Alapati Noga came to the U.S., from American Samoa, when he was a pre-schooler. He started playing football in the ninth grade. He played as a defensive lineman, throughout his school years and as a pro. He was known for a particularly “head-first” style of play. He was drafted by the Vikings in the third round of the 1988 draft, while he was still in college. He played for the Vikings from 1988 until 1992.
His last day for the Vikings was December 1, 1992. He went on to play one season for the Redskins and a partial season for the Colts. When the Colts did not renew his contract, he played in the Arena league, with his last game in 1999.
Before the Vikings drafted him, he had experienced headaches. While with the Vikings, he sustained numerous hits to his head, resulting in headaches and wooziness. Even after taking a hit, he would keep playing. He told the team trainers about his headaches, and they dispensed over-the-counter pain relievers. However, he didn’t tell his coach or the Vikings management “too much.” He felt he should keep his problems to himself if he wanted to keep playing in the NFL. In addition to his headaches and orthopedic injuries, Noga also suffered from other health issues, including gout, drug abuse, sleep apnea, and depression.
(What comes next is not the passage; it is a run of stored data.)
(* A locally connected Hausdorff space $X$ has a Hausdorff one-point connectification if and only if $X$ has no almost compact component.
   Context: A one-point connectification of a space $X$ is a connected space $Y$ which contains $X$ as a dense subspace and such that $Y\setminus X$ is a singleton. A space $X$ is almost compact if for every open cover $\mathscr{U}$ of $X$ there is a finite subcollection $\mathscr{V}\subseteq\mathscr{U}$ with $X=\mathrm{cl}_X\bigcup\mathscr{V}$. *)

theory Defs
  imports "HOL-Analysis.Analysis"
begin

definition almost_compact_space :: "'a topology \<Rightarrow> bool" where
  "almost_compact_space X \<longleftrightarrow>
     (\<forall>\<U>. (\<forall>U\<in>\<U>. openin X U) \<and> topspace X \<subseteq> \<Union>\<U> \<longrightarrow>
        (\<exists>\<V>. finite \<V> \<and> \<V> \<subseteq> \<U> \<and> X closure_of (\<Union>\<V>) = topspace X))"

definition one_point_connectification :: "'a topology \<Rightarrow> 'b topology \<Rightarrow> ('a \<Rightarrow> 'b) \<Rightarrow> bool" where
  "one_point_connectification X Y f \<longleftrightarrow>
     connected_space Y \<and> embedding_map X Y f \<and>
     Y closure_of (f ` topspace X) = topspace Y \<and>
     (\<exists>p. topspace Y - f ` topspace X = {p})"

text \<open>Existence of a Hausdorff one-point connectification. The new space is
realised on the type 'a option (any one-point extension can be transported there).\<close>
definition has_Hausdorff_one_point_connectification :: "'a topology \<Rightarrow> bool" where
  "has_Hausdorff_one_point_connectification X \<longleftrightarrow>
     (\<exists>(Y::'a option topology) f. one_point_connectification X Y f \<and> Hausdorff_space Y)"

end

theory Submission
  imports Defs
begin

(*
  Necessity: a component C of a locally connected space is clopen, so its image in a
  one-point connectification Y is open in Y and closed in Y minus the new point p. In a
  Hausdorff space an open almost compact set S can be separated from a point outside it:
  finitely many of the neighbourhoods separating points of S from p already have a union
  dense in S. Hence p is not in the closure of the image of C, the image is clopen in the
  connected space Y, and so it is empty.

  Sufficiency: on every component pick an open cover no finite subfamily of which has a
  closure containing the component. Adjoin a point whose neighbourhoods are the sets
  containing the complement of the closure of a finite union of members of these covers.
  Every such neighbourhood meets every component. A nonempty clopen set missing the new
  point contains a whole component, while its complement is a neighbourhood of the new
  point, so it cannot exist and the extension is connected. A cover member U and the
  neighbourhood determined by U alone separate the new point from the points of U.
*)

lemma almost_compact_spaceD:
  assumes "almost_compact_space X" "\<And>U. U \<in> \<U> \<Longrightarrow> openin X U" "topspace X \<subseteq> \<Union>\<U>"
  obtains \<V> where "finite \<V>" "\<V> \<subseteq> \<U>" "X closure_of \<Union>\<V> = topspace X"
  using assms(1)[unfolded almost_compact_space_def, rule_format, of \<U>] assms(2,3) by blast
In 2011, after an extensive neuropsychological examination, Noga was diagnosed with dementia. The examining doctor thought that there was no clear etiology, but that multiple head trauma “certainly is indicated as an important factor.” In 2014, a separate neuropsych examined him and did a battery of tests. He diagnosed moderate brain impairment resulting from a multitude of factors, including concussions/mild brain injuries while playing professional football. In 2014, the NFL approved Noga’s application for disability benefits, including medical care.
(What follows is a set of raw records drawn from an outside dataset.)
lemma norm_sqrt_iter_le: "norm (sqrt_iter C n x) \<le> norm x"
proof (induction n arbitrary: x)
  case (Suc n)
  have "norm (C x + sqrt_iter C n (sqrt_iter C n x)) \<le> norm x + norm x"
    using norm_triangle_ineq[of "C x" "sqrt_iter C n (sqrt_iter C n x)"] contraction[of x] Suc[of x] Suc[of "sqrt_iter C n x"]
    by linarith
  then show ?case
    by simp
qed simp

lemma incseq_Re_cinner_sqrt_iter: "incseq (\<lambda>n. Re (cinner x (sqrt_iter C n x)))"
proof (rule incseq_SucI)
  fix n
  have "0 \<le> Re (cinner x (sqrt_iter C (Suc n) x - sqrt_iter C n x))"
    using positive_op_Re_cinner[OF poly_cone_positive[OF sqrt_iter_Suc_diff_poly_cone C]] .
  then show "Re (cinner x (sqrt_iter C n x)) \<le> Re (cinner x (sqrt_iter C (Suc n) x))"
    by (simp add: cinner_diff_right del: sqrt_iter.simps)
qed

lemma norm_sqrt_iter_diff_power2_le:
  assumes "n \<le> m"
  shows "(norm (sqrt_iter C m x - sqrt_iter C n x))\<^sup>2
    \<le> 2 * (Re (cinner x (sqrt_iter C m x)) - Re (cinner x (sqrt_iter C n x)))"
proof -
  have bound: "norm (sqrt_iter C m y - sqrt_iter C n y) \<le> 2 * norm y" for y
    using norm_triangle_ineq4[of "sqrt_iter C m y" "sqrt_iter C n y"]
      norm_sqrt_iter_le[of m y] norm_sqrt_iter_le[of n y]
    by linarith
  show ?thesis
    using positive_op_norm_power2_le[OF poly_cone_positive[OF sqrt_iter_diff_poly_cone[OF assms] C] bound]
    by (simp add: cinner_diff_right)
qed

lemma Cauchy_sqrt_iter: "Cauchy (\<lambda>n. sqrt_iter C n x)"
proof (rule metric_CauchyI)
  fix e :: real
  assume "0 < e"
  define a where "a n = Re (cinner x (sqrt_iter C n x))" for n
  have "Re (cinner x (sqrt_iter C n x)) \<le> (norm x)\<^sup>2" for n
    using Re_cinner_le_norm[of x "sqrt_iter C n x"]
      mult_left_mono[OF norm_sqrt_iter_le[of n x] norm_ge_zero[of x]]
    by (simp add: power2_eq_square)
  then obtain l where "a \<longlonglongrightarrow> l"
    using incseq_convergent[OF incseq_Re_cinner_sqrt_iter[of x]] unfolding a_def by blast
  then have "Cauchy a"
    by (rule LIMSEQ_imp_Cauchy)
  then obtain M where M: "\<And>m n. M \<le> m \<Longrightarrow> M \<le> n \<Longrightarrow> dist (a m) (a n) < e\<^sup>2 / 2"
    using metric_CauchyD[of a "e\<^sup>2 / 2"] \<open>0 < e\<close> by auto
  have diff: "(dist (sqrt_iter C m x) (sqrt_iter C n x))\<^sup>2 \<le> 2 * dist (a m) (a n)" if "n \<le> m" for m n
  proof -
    have "(dist (sqrt_iter C m x) (sqrt_iter C n x))\<^sup>2 \<le> 2 * (a m - a n)"
      using norm_sqrt_iter_diff_power2_le[OF that, of x] by (simp add: dist_norm a_def)
    also have "\<dots> \<le> 2 * dist (a m) (a n)"
      by (simp add: dist_real_def abs_if)
    finally show ?thesis .
  qed
  have "dist (sqrt_iter C m x) (sqrt_iter C n x) < e" if "M \<le> m" "M \<le> n" for m n
  proof -
    have "(dist (sqrt_iter C m x) (sqrt_iter C n x))\<^sup>2 < e\<^sup>2"
      using diff[of n m] diff[of m n] M[OF that] by (cases "n \<le> m") (auto simp: dist_commute)
    then show ?thesis
      using \<open>0 < e\<close> by (metis power_less_imp_less_base less_eq_real_def)
  qed
  then show "\<exists>M. \<forall>m\<ge>M. \<forall>n\<ge>M. dist (sqrt_iter C m x) (sqrt_iter C n x) < e"
    by blast
qed

lemma LIMSEQ_sqrt_iter: "(\<lambda>n. sqrt_iter C n x) \<longlonglongrightarrow> sqrt_iter_lim C x"
  unfolding sqrt_iter_lim_def
  using Cauchy_sqrt_iter Cauchy_convergent_iff convergent_LIMSEQ_iff by blast

lemma sqrt_iter_lim_commute:
  assumes U: "bounded_linear U" and UC: "\<And>x. U (C x) = C (U x)"
  shows "U (sqrt_iter_lim C x) = sqrt_iter_lim C (U x)"
proof -
  have "(\<lambda>n. U (sqrt_iter C n x)) \<longlonglongrightarrow> U (sqrt_iter_lim C x)"
    using bounded_linear.tendsto[OF U LIMSEQ_sqrt_iter] .
  then have "(\<lambda>n. sqrt_iter C n (U x)) \<longlonglongrightarrow> U (sqrt_iter_lim C x)"
    using poly_cone_commute[OF sqrt_iter_poly_cone U UC] by simp
  then show ?thesis
    using LIMSEQ_sqrt_iter LIMSEQ_unique by blast
qed

lemma norm_sqrt_iter_lim_le: "norm (sqrt_iter_lim C x) \<le> norm x"
  using tendsto_norm[OF LIMSEQ_sqrt_iter[of x]] norm_sqrt_iter_le
  by (intro Lim_bounded[where M = 0]) auto

lemma bounded_op_sqrt_iter_lim: "bounded_op (sqrt_iter_lim C)"
proof -
  have add: "sqrt_iter_lim C (x + y) = sqrt_iter_lim C x + sqrt_iter_lim C y" for x y
  proof -
    have "(\<lambda>n. sqrt_iter C n (x + y)) \<longlonglongrightarrow> sqrt_iter_lim C x + sqrt_iter_lim C y"
      using tendsto_add[OF LIMSEQ_sqrt_iter[of x] LIMSEQ_sqrt_iter[of y]]
      by (simp add: bounded_op_simps[OF bounded_op_sqrt_iter] del: sqrt_iter.simps)
    then show ?thesis
      using LIMSEQ_sqrt_iter LIMSEQ_unique by blast
  qed
  have scaleC: "sqrt_iter_lim C (scaleC c x) = scaleC c (sqrt_iter_lim C x)" for c x
    using sqrt_iter_lim_commute[OF bounded_linear_scaleC]
      bounded_op_simps(6)[OF positive_op_bounded[OF C]] by metis
  then have "sqrt_iter_lim C (r *\<^sub>R x) = r *\<^sub>R sqrt_iter_lim C x" for r x
    by (simp add: scaleR_scaleC)
  then have "bounded_linear (sqrt_iter_lim C)"
    using add norm_sqrt_iter_lim_le by (intro bounded_linear_intro[where K = 1]) auto
  then show ?thesis
    using scaleC by (simp add: bounded_op_def)
qed

lemma positive_op_sqrt_iter_lim: "positive_op (sqrt_iter_lim C)"
proof -
  have "Im (cinner x (sqrt_iter_lim C x)) = 0 \<and> 0 \<le> Re (cinner x (sqrt_iter_lim C x))" for x
  proof -
    have lim: "(\<lambda>n. cinner x (sqrt_iter C n x)) \<longlonglongrightarrow> cinner x (sqrt_iter_lim C x)"
      using bounded_linear.tendsto[OF bounded_linear_cinner_right LIMSEQ_sqrt_iter] .
    have Y: "positive_op (sqrt_iter C n)" for n
      using poly_cone_positive[OF sqrt_iter_poly_cone C] .
    have "(\<lambda>n. Im (cinner x (sqrt_iter C n x))) = (\<lambda>n. 0)"
      using positive_op_Im_cinner[OF Y] by (simp del: sqrt_iter.simps)
    then have "(\<lambda>n. 0) \<longlonglongrightarrow> Im (cinner x (sqrt_iter_lim C x))"
      using tendsto_Im[OF lim] by simp
    moreover have "0 \<le> Re (cinner x (sqrt_iter_lim C x))"
      by (rule LIMSEQ_le_const[OF tendsto_Re[OF lim]]) (use positive_op_Re_cinner[OF Y] in auto)
    ultimately show ?thesis
      by (simp add: LIMSEQ_const_iff)
  qed
  then show ?thesis
    by (simp add: positive_op_def bounded_op_sqrt_iter_lim)
qed

lemma sqrt_iter_lim_fixpoint:
  "sqrt_iter_lim C x = (1/2) *\<^sub>R (C x + sqrt_iter_lim C (sqrt_iter_lim C x))"
proof -
  let ?L = "sqrt_iter_lim C"
  have "(\<lambda>n. sqrt_iter C n (sqrt_iter C n x - ?L x)) \<longlonglongrightarrow> 0"
  proof (rule Lim_null_comparison)
    show "\<forall>\<^sub>F n in sequentially. norm (sqrt_iter C n (sqrt_iter C n x - ?L x))
        \<le> norm (sqrt_iter C n x - ?L x)"
      using norm_sqrt_iter_le by simp
    show "(\<lambda>n. norm (sqrt_iter C n x - ?L x)) \<longlonglongrightarrow> 0"
      using LIMSEQ_sqrt_iter[of x] by (simp add: LIM_zero_iff tendsto_norm_zero_iff)
  qed
  moreover have "(\<lambda>n. sqrt_iter C n (?L x) - ?L (?L x)) \<longlonglongrightarrow> 0"
    using LIMSEQ_sqrt_iter[of "?L x"] by (simp add: LIM_zero_iff)
  ultimately have "(\<lambda>n. sqrt_iter C n (sqrt_iter C n x) - ?L (?L x)) \<longlonglongrightarrow> 0"
    using tendsto_add_zero by (fastforce simp: bounded_op_simps[OF bounded_op_sqrt_iter]
        simp del: sqrt_iter.simps)
  then have "(\<lambda>n. sqrt_iter C (Suc n) x) \<longlonglongrightarrow> (1/2) *\<^sub>R (C x + ?L (?L x))"
    by (simp add: LIM_zero_iff tendsto_intros)
  then show ?thesis
    using LIMSEQ_unique[OF LIMSEQ_Suc[OF LIMSEQ_sqrt_iter]] by blast
qed

text \<open>The square root of \<open>1 - C\<close> is \<open>1 - L\<close> for the limit \<open>L\<close> of the iteration.\<close>

lemma positive_op_sqrt_ident_minus_exists:
  "\<exists>S. positive_op S \<and> (\<forall>x. S (S x) = x - C x) \<and>
    (\<forall>U. bounded_linear U \<longrightarrow> (\<forall>x. U (C x) = C (U x)) \<longrightarrow> (\<forall>x. U (S x) = S (U x)))"
proof (intro exI conjI allI impI)
  let ?L = "sqrt_iter_lim C"
  show "positive_op (\<lambda>x. x - ?L x)"
    using positive_op_ident_minus[OF positive_op_sqrt_iter_lim norm_sqrt_iter_lim_le] .
  fix x
  have "2 *\<^sub>R ?L x = C x + ?L (?L x)"
    using sqrt_iter_lim_fixpoint[of x] by (metis scaleR_half_double scaleR_2 scaleR_right_distrib)
  then show "x - ?L x - ?L (x - ?L x) = x - C x"
    by (simp add: bounded_op_simps[OF bounded_op_sqrt_iter_lim] algebra_simps scaleR_2)
next
  fix U x
  assume "bounded_linear U" "\<forall>x. U (C x) = C (U x)"
  then show "U (x - sqrt_iter_lim C x) = U x - sqrt_iter_lim C (U x)"
    using sqrt_iter_lim_commute by (simp add: linear_simps)
qed

end

lemma positive_op_sqrt_exists:
  assumes T: "positive_op T"
  shows "\<exists>S. positive_op S \<and> (\<forall>x. S (S x) = T x) \<and>
    (\<forall>U. bounded_linear U \<longrightarrow> (\<forall>x. U (T x) = T (U x)) \<longrightarrow> (\<forall>x. U (S x) = S (U x)))"
proof -
  obtain K where K: "0 < K" "\<And>x. norm (T x) \<le> norm x * K"
    using bounded_linear.pos_bounded[OF bounded_op_bounded_linear[OF positive_op_bounded[OF T]]]
    by blast
  define T1 where "T1 = (\<lambda>x. (1 / K) *\<^sub>R T x)"
  have T1: "positive_op T1"
    unfolding T1_def using positive_op_scaleR[OF T] K(1) by simp
  have "norm (T1 y) \<le> norm y" for y
    using K by (simp add: T1_def divide_simps mult.commute)
  from positive_op_sqrt_ident_minus_exists[OF positive_op_ident_minus[OF T1 this] norm_ident_minus_le[OF T1 this]]
  obtain S where S: "positive_op S" "\<And>x. S (S x) = T1 x"
    and S_commute: "\<And>U x. bounded_linear U \<Longrightarrow> \<forall>x. U (x - T1 x) = U x - T1 (U x)
      \<Longrightarrow> U (S x) = S (U x)"
    by auto
  show ?thesis
  proof (intro exI conjI allI impI)
    show "positive_op (\<lambda>x. sqrt K *\<^sub>R S x)"
      using positive_op_scaleR[OF S(1)] K(1) by simp
    show "sqrt K *\<^sub>R S (sqrt K *\<^sub>R S x) = T x" for x
      using K(1) S(2) by (simp add: bounded_op_simps[OF positive_op_bounded[OF S(1)]] T1_def)
    show "U (sqrt K *\<^sub>R S x) = sqrt K *\<^sub>R S (U x)"
      if "bounded_linear U" "\<forall>x. U (T x) = T (U x)" for U x
      using S_commute[OF that(1)] that by (simp add: linear_simps T1_def)
  qed
qed

lemma commuting_positive_sqrt_unique:
  assumes R: "positive_op R" and S: "positive_op S"
    and square: "\<And>x. R (R x) = S (S x)" and commute: "\<And>x. R (S x) = S (R x)"
  shows "R = S"
proof
  fix x
  note R_simps = bounded_op_simps[OF positive_op_bounded[OF R]]
  note S_simps = bounded_op_simps[OF positive_op_bounded[OF S]]
  define y where "y = R x - S x"
  have "R y + S y = 0"
    using square commute by (simp add: y_def R_simps S_simps)
  then have "Re (cinner y (R y)) + Re (cinner y (S y)) = 0"
    by (metis cinner_add_right cinner_zero_right plus_complex.sel(1) zero_complex.sel(1))
  then have "Re (cinner y (R y)) = 0" "Re (cinner y (S y)) = 0"
    using positive_op_Re_cinner[OF R, of y] positive_op_Re_cinner[OF S, of y] by linarith+
  moreover obtain KR KS where "\<And>x. norm (R x) \<le> KR * norm x" "0 \<le> KR"
    "\<And>x. norm (S x) \<le> KS * norm x" "0 \<le> KS"
    using bounded_linear.nonneg_bounded[OF bounded_op_bounded_linear[OF positive_op_bounded[OF R]]]
      bounded_linear.nonneg_bounded[OF bounded_op_bounded_linear[OF positive_op_bounded[OF S]]]
    by (metis mult.commute)
  ultimately have "R y = 0" "S y = 0"
    using positive_op_norm_power2_le[OF R, of KR y] positive_op_norm_power2_le[OF S, of KS y] by auto
  then have "cinner y y = 0"
    using positive_op_selfadjoint[OF R, of x y] positive_op_selfadjoint[OF S, of x y]
    by (simp add: y_def cinner_diff_left)
  then show "R x = S x"
    by (simp add: cinner_self_eq_zero y_def)
qed

lemma op_sqrt_eqI:
  assumes S: "positive_op S" and square: "\<And>x. S (S x) = T x"
  shows "op_sqrt T = S"
proof -
  have "positive_op T"
  proof (rule positive_op_pullback[OF positive_op_ident])
    show "bounded_op T"
      using bounded_op_compose[OF positive_op_bounded[OF S] positive_op_bounded[OF S]] square by simp
    show "cinner x (T x) = cinner (S x) (S x)" for x
      using positive_op_selfadjoint[OF S, of x "S x"] square[of x] by simp
  qed
  then obtain R where R: "positive_op R" "\<And>x. R (R x) = T x"
    and R_commute: "\<And>U x. bounded_linear U \<Longrightarrow> \<forall>x. U (T x) = T (U x) \<Longrightarrow> U (R x) = R (U x)"
    using positive_op_sqrt_exists[of T] by blast
  text \<open>A positive square root \<open>S'\<close> of \<open>T\<close> commutes with \<open>T = S'\<^sup>2\<close>, hence with \<open>R\<close>.\<close>
  have eq_R: "S' = R" if S': "positive_op S'" "\<And>x. S' (S' x) = T x" for S'
  proof (rule commuting_positive_sqrt_unique[OF S'(1) R(1)])
    show "S' (S' x) = R (R x)" for x
      using S'(2) R(2) by simp
    have "S' (T x) = T (S' x)" for x
      using S'(2)[of x] S'(2)[of "S' x"] by simp
    then show "S' (R x) = R (S' x)" for x
      using R_commute[OF bounded_op_bounded_linear[OF positive_op_bounded[OF S'(1)]]] by simp
  qed
  show ?thesis
    unfolding op_sqrt_def
  proof (rule the_equality)
    show "positive_op S \<and> S \<circ> S = T"
      using S square by (simp add: fun_eq_iff)
    show "S' = S" if S': "positive_op S' \<and> S' \<circ> S' = T" for S'
    proof -
      have "S' (S' x) = T x" for x
        using S' by (simp add: fun_eq_iff)
      then show ?thesis
        using eq_R[of S'] eq_R[OF S square] S' by simp
    qed
  qed
qed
In January of 2015, Noga’s counsel filed a new workers’ compensation claim petition. He sought permanent total disability benefits as a substantial result of dementia caused by head trauma sustained while with the Vikings. The Vikings had an IME which concluded that Noga was disabled, but that his disability was due to past drug abuse and a previous motor vehicle accident. A hearing was held in 2016. The parties stipulated that Noga was permanently and totally disabled, but disputed the cause of his condition. The compensation judge found in Noga’s favor. The judge determined that Noga sustained a Gillette injury of head trauma, brain injury and/or dementia that culminated on December 1, 1992, Noga’s last day as a Viking.